• **Exercise material**
*** Block opens ***

(* Let $t$ be an illegal signed batch tag posted in L1 and not yet confirmed, and let $A$ be an honest agent that knows all transactions of $t$ and all transactions in already confirmed batches. Then $A$ can prevent the confirmation of $t$ (by winning the appropriate signature, validity, or integrity challenge, causing $t$ to be discarded).
   Context: Setting: L2 blockchain with an arranger of server processes, at most an unbounded number of which may be Byzantine; $f$ is the fault parameter of the arranger. A signed batch tag $t=(\mathit{batchId},h,\sigma)$ posted in L1 consists of a batch identifier, the Merkle root hash $h$ of a batch $b$ of transactions, and a combined signature $\sigma$; stakers stake on $t$, and $t$ is confirmed after a delay unless discarded by a challenge. $t$ is legal iff: (B1) $\sigma$ contains at least $f+1$ valid arranger process signatures; (B2) $b$ contains only valid transactions; (B3) no transaction in $b$ is duplicated; (B4) no transaction in $b$ appears in a previously confirmed batch; illegal otherwise. Challenges (L1 contracts): Signature challenge (B1): L1 contracts check the number of signers and verify the aggregate signature; if incorrect, $t$ is discarded and all stakers lose their stakes. Validity challenge (B2): challenger presents an invalid transaction $e$, its hash $h_e$, its position, and the hash of the middle node of the Merkle path from the leaf to the root; the contract checks invalidity of $e$ and that $e$ hashes to $h_e$; then a bisection game over the path: the staker selects a subpath to challenge, the challenger provides the middle node hash if the subpath has more than two nodes; when the subpath has two nodes with parent hash $h_p$ and child hash $h_c$, the challenger must post $h$ such that hashing the concatenation of $h$ and $h_c$ gives $h_p$; if so the challenger wins and the staker loses its stake. Integrity challenge 1 (B3): same, with the challenger supplying two Merkle paths in $t$ with leaf $e$. Integrity challenge 2 (B4): same, with one path in $t$ and one path in a previously confirmed tag $t'$ with leaf $e$. Hashes are assumed collision resistant. *)

theory Defs
  imports Main
begin

text \<open>A batch of transactions is represented by its Merkle tree.
  A position of a leaf is the list of directions from the root to the leaf
  (False = left child, True = right child).\<close>

datatype 'tx mtree = MLeaf 'tx | MNode "'tx mtree" "'tx mtree"

text \<open>Merkle root: leafH hashes a transaction, nodeH l r is the hash of the
  concatenation of l and r.\<close>
fun mroot :: "('tx \<Rightarrow> 'h) \<Rightarrow> ('h \<Rightarrow> 'h \<Rightarrow> 'h) \<Rightarrow> 'tx mtree \<Rightarrow> 'h" where
  "mroot leafH nodeH (MLeaf x) = leafH x"
| "mroot leafH nodeH (MNode l r) = nodeH (mroot leafH nodeH l) (mroot leafH nodeH r)"

fun leaf_at :: "'tx mtree \<Rightarrow> bool list \<Rightarrow> 'tx option" where
  "leaf_at (MLeaf x) [] = Some x"
| "leaf_at (MNode l r) (False # p) = leaf_at l p"
| "leaf_at (MNode l r) (True # p) = leaf_at r p"
| "leaf_at _ _ = None"

definition txs :: "'tx mtree \<Rightarrow> 'tx set" where
  "txs b = {x. \<exists>p. leaf_at b p = Some x}"

record ('bid, 'h, 'p, 's) tag =
  batchId :: 'bid
  root :: 'h
  sig :: "('p \<times> 's) list"

text \<open>Valid arranger-process signatures contained in sigma (P = arranger processes,
  verify p m s = s is a valid signature of process p on message m).\<close>
definition valid_signers ::
  "('p \<Rightarrow> 'bid \<times> 'h \<Rightarrow> 's \<Rightarrow> bool) \<Rightarrow> 'p set \<Rightarrow> ('bid, 'h, 'p, 's) tag \<Rightarrow> 'p set" where
  "valid_signers verify P t =
     {p \<in> P. \<exists>s. (p, s) \<in> set (sig t) \<and> verify p (batchId t, root t) s}"

definition B1 :: "('p \<Rightarrow> 'bid \<times> 'h \<Rightarrow> 's \<Rightarrow> bool) \<Rightarrow> 'p set \<Rightarrow> nat \<Rightarrow> ('bid, 'h, 'p, 's) tag \<Rightarrow> bool" where
  "B1 verify P f t \<longleftrightarrow> f + 1 \<le> card (valid_signers verify P t)"

definition B2 :: "('tx \<Rightarrow> bool) \<Rightarrow> 'tx mtree \<Rightarrow> bool" where
  "B2 valid b \<longleftrightarrow> (\<forall>x \<in> txs b. valid x)"

definition B3 :: "'tx mtree \<Rightarrow> bool" where
  "B3 b \<longleftrightarrow> \<not> (\<exists>p q x. p \<noteq> q \<and> leaf_at b p = Some x \<and> leaf_at b q = Some x)"

text \<open>confd: the previously confirmed tags together with their batches.\<close>
definition B4 :: "'tx mtree \<Rightarrow> (('bid, 'h, 'p, 's) tag \<times> 'tx mtree) list \<Rightarrow> bool" where
  "B4 b confd \<longleftrightarrow> (\<forall>x \<in> txs b. \<forall>(t', b') \<in> set confd. x \<notin> txs b')"

definition legal ::
  "('p \<Rightarrow> 'bid \<times> 'h \<Rightarrow> 's \<Rightarrow> bool) \<Rightarrow> 'p set \<Rightarrow> nat \<Rightarrow> ('tx \<Rightarrow> bool)
   \<Rightarrow> ('bid, 'h, 'p, 's) tag \<Rightarrow> 'tx mtree \<Rightarrow> (('bid, 'h, 'p, 's) tag \<times> 'tx mtree) list \<Rightarrow> bool" where
  "legal verify P f valid t b confd \<longleftrightarrow> B1 verify P f t \<and> B2 valid b \<and> B3 b \<and> B4 b confd"

text \<open>The path from the leaf (level 0) to the root (level n = length pos) consists of
  the hashes at levels 0..n. Endpoints are fixed by the contract: level 0 is the
  leaf hash he, level n is the root hr. The challenger's claims for intermediate
  levels are given by cl, and the sibling hash it posts at the final step
  (subpath from level i to level i+1) by sib i.
  The staker's strategy st lo hi decides, on subpath [lo,hi], whether to challenge
  the lower half [lo,mid] (True) or the upper half [mid,hi] (False).\<close>

definition pathval :: "'h \<Rightarrow> 'h \<Rightarrow> nat \<Rightarrow> (nat \<Rightarrow> 'h) \<Rightarrow> nat \<Rightarrow> 'h" where
  "pathval he hr n cl i = (if i = 0 then he else if i = n then hr else cl i)"

function bisect_end :: "(nat \<Rightarrow> nat \<Rightarrow> bool) \<Rightarrow> nat \<Rightarrow> nat \<Rightarrow> nat \<times> nat" where
  "bisect_end st lo hi =
     (if hi \<le> Suc lo then (lo, hi)
      else if st lo hi then bisect_end st lo ((lo + hi) div 2)
      else bisect_end st ((lo + hi) div 2) hi)"
  by pat_completeness auto
termination
  by (relation "measure (\<lambda>(st, lo, hi). hi - lo)") auto

text \<open>Degenerate case of a path with a single node (batch of one transaction): the leaf
  hash must equal the root.\<close>
definition final_ok ::
  "('h \<Rightarrow> 'h \<Rightarrow> 'h) \<Rightarrow> 'h \<Rightarrow> 'h \<Rightarrow> bool list \<Rightarrow> (nat \<Rightarrow> 'h) \<Rightarrow> (nat \<Rightarrow> 'h) \<Rightarrow> nat \<times> nat \<Rightarrow> bool" where
  "final_ok nodeH he hr pos cl sib ij =
     (let (i, j) = ij; n = length pos;
          hc = pathval he hr n cl i; hp = pathval he hr n cl j
      in if j = Suc i then
           (if pos ! (n - Suc i) then nodeH (sib i) hc = hp else nodeH hc (sib i) = hp)
         else he = hr)"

*** Block closes ***

• **Task instructions**
Would you write out all the records exactly as they read?

• **Answer box**
(* Let $t$ be an illegal signed batch tag posted in L1 and not yet confirmed, and let $A$ be an honest agent that knows all transactions of $t$ and all transactions in already confirmed batches. Then $A$ can prevent the confirmation of $t$ (by winning the appropriate signature, validity, or integrity challenge, causing $t$ to be discarded).
   Context: Setting: L2 blockchain with an arranger of server processes, at most an unbounded number of which may be Byzantine; $f$ is the fault parameter of the arranger. A signed batch tag $t=(\mathit{batchId},h,\sigma)$ posted in L1 consists of a batch identifier, the Merkle root hash $h$ of a batch $b$ of transactions, and a combined signature $\sigma$; stakers stake on $t$, and $t$ is confirmed after a delay unless discarded by a challenge. $t$ is legal iff: (B1) $\sigma$ contains at least $f+1$ valid arranger process signatures; (B2) $b$ contains only valid transactions; (B3) no transaction in $b$ is duplicated; (B4) no transaction in $b$ appears in a previously confirmed batch; illegal otherwise. Challenges (L1 contracts): Signature challenge (B1): L1 contracts check the number of signers and verify the aggregate signature; if incorrect, $t$ is discarded and all stakers lose their stakes. Validity challenge (B2): challenger presents an invalid transaction $e$, its hash $h_e$, its position, and the hash of the middle node of the Merkle path from the leaf to the root; the contract checks invalidity of $e$ and that $e$ hashes to $h_e$; then a bisection game over the path: the staker selects a subpath to challenge, the challenger provides the middle node hash if the subpath has more than two nodes; when the subpath has two nodes with parent hash $h_p$ and child hash $h_c$, the challenger must post $h$ such that hashing the concatenation of $h$ and $h_c$ gives $h_p$; if so the challenger wins and the staker loses its stake. Integrity challenge 1 (B3): same, with the challenger supplying two Merkle paths in $t$ with leaf $e$. Integrity challenge 2 (B4): same, with one path in $t$ and one path in a previously confirmed tag $t'$ with leaf $e$. Hashes are assumed collision resistant. *)

theory Defs
  imports Main
begin

text \<open>A batch of transactions is represented by its Merkle tree.
  A position of a leaf is the list of directions from the root to the leaf
  (False = left child, True = right child).\<close>

datatype 'tx mtree = MLeaf 'tx | MNode "'tx mtree" "'tx mtree"

text \<open>Merkle root: leafH hashes a transaction, nodeH l r is the hash of the
  concatenation of l and r.\<close>
fun mroot :: "('tx \<Rightarrow> 'h) \<Rightarrow> ('h \<Rightarrow> 'h \<Rightarrow> 'h) \<Rightarrow> 'tx mtree \<Rightarrow> 'h" where
  "mroot leafH nodeH (MLeaf x) = leafH x"
| "mroot leafH nodeH (MNode l r) = nodeH (mroot leafH nodeH l) (mroot leafH nodeH r)"

fun leaf_at :: "'tx mtree \<Rightarrow> bool list \<Rightarrow> 'tx option" where
  "leaf_at (MLeaf x) [] = Some x"
| "leaf_at (MNode l r) (False # p) = leaf_at l p"
| "leaf_at (MNode l r) (True # p) = leaf_at r p"
| "leaf_at _ _ = None"

definition txs :: "'tx mtree \<Rightarrow> 'tx set" where
  "txs b = {x. \<exists>p. leaf_at b p = Some x}"

record ('bid, 'h, 'p, 's) tag =
  batchId :: 'bid
  root :: 'h
  sig :: "('p \<times> 's) list"

text \<open>Valid arranger-process signatures contained in sigma (P = arranger processes,
  verify p m s = s is a valid signature of process p on message m).\<close>
definition valid_signers ::
  "('p \<Rightarrow> 'bid \<times> 'h \<Rightarrow> 's \<Rightarrow> bool) \<Rightarrow> 'p set \<Rightarrow> ('bid, 'h, 'p, 's) tag \<Rightarrow> 'p set" where
  "valid_signers verify P t =
     {p \<in> P. \<exists>s. (p, s) \<in> set (sig t) \<and> verify p (batchId t, root t) s}"

definition B1 :: "('p \<Rightarrow> 'bid \<times> 'h \<Rightarrow> 's \<Rightarrow> bool) \<Rightarrow> 'p set \<Rightarrow> nat \<Rightarrow> ('bid, 'h, 'p, 's) tag \<Rightarrow> bool" where
  "B1 verify P f t \<longleftrightarrow> f + 1 \<le> card (valid_signers verify P t)"

definition B2 :: "('tx \<Rightarrow> bool) \<Rightarrow> 'tx mtree \<Rightarrow> bool" where
  "B2 valid b \<longleftrightarrow> (\<forall>x \<in> txs b. valid x)"

definition B3 :: "'tx mtree \<Rightarrow> bool" where
  "B3 b \<longleftrightarrow> \<not> (\<exists>p q x. p \<noteq> q \<and> leaf_at b p = Some x \<and> leaf_at b q = Some x)"

text \<open>confd: the previously confirmed tags together with their batches.\<close>
definition B4 :: "'tx mtree \<Rightarrow> (('bid, 'h, 'p, 's) tag \<times> 'tx mtree) list \<Rightarrow> bool" where
  "B4 b confd \<longleftrightarrow> (\<forall>x \<in> txs b. \<forall>(t', b') \<in> set confd. x \<notin> txs b')"

definition legal ::
  "('p \<Rightarrow> 'bid \<times> 'h \<Rightarrow> 's \<Rightarrow> bool) \<Rightarrow> 'p set \<Rightarrow> nat \<Rightarrow> ('tx \<Rightarrow> bool)
   \<Rightarrow> ('bid, 'h, 'p, 's) tag \<Rightarrow> 'tx mtree \<Rightarrow> (('bid, 'h, 'p, 's) tag \<times> 'tx mtree) list \<Rightarrow> bool" where
  "legal verify P f valid t b confd \<longleftrightarrow> B1 verify P f t \<and> B2 valid b \<and> B3 b \<and> B4 b confd"

text \<open>The path from the leaf (level 0) to the root (level n = length pos) consists of
  the hashes at levels 0..n. Endpoints are fixed by the contract: level 0 is the
  leaf hash he, level n is the root hr. The challenger's claims for intermediate
  levels are given by cl, and the sibling hash it posts at the final step
  (subpath from level i to level i+1) by sib i.
  The staker's strategy st lo hi decides, on subpath [lo,hi], whether to challenge
  the lower half [lo,mid] (True) or the upper half [mid,hi] (False).\<close>

definition pathval :: "'h \<Rightarrow> 'h \<Rightarrow> nat \<Rightarrow> (nat \<Rightarrow> 'h) \<Rightarrow> nat \<Rightarrow> 'h" where
  "pathval he hr n cl i = (if i = 0 then he else if i = n then hr else cl i)"

function bisect_end :: "(nat \<Rightarrow> nat \<Rightarrow> bool) \<Rightarrow> nat \<Rightarrow> nat \<Rightarrow> nat \<times> nat" where
  "bisect_end st lo hi =
     (if hi \<le> Suc lo then (lo, hi)
      else if st lo hi then bisect_end st lo ((lo + hi) div 2)
      else bisect_end st ((lo + hi) div 2) hi)"
  by pat_completeness auto
termination
  by (relation "measure (\<lambda>(st, lo, hi). hi - lo)") auto

text \<open>Degenerate case of a path with a single node (batch of one transaction): the leaf
  hash must equal the root.\<close>
definition final_ok ::
  "('h \<Rightarrow> 'h \<Rightarrow> 'h) \<Rightarrow> 'h \<Rightarrow> 'h \<Rightarrow> bool list \<Rightarrow> (nat \<Rightarrow> 'h) \<Rightarrow> (nat \<Rightarrow> 'h) \<Rightarrow> nat \<times> nat \<Rightarrow> bool" where
  "final_ok nodeH he hr pos cl sib ij =
     (let (i, j) = ij; n = length pos;
          hc = pathval he hr n cl i; hp = pathval he hr n cl j
      in if j = Suc i then
           (if pos ! (n - Suc i) then nodeH (sib i) hc = hp else nodeH hc (sib i) = hp)
         else he = hr)"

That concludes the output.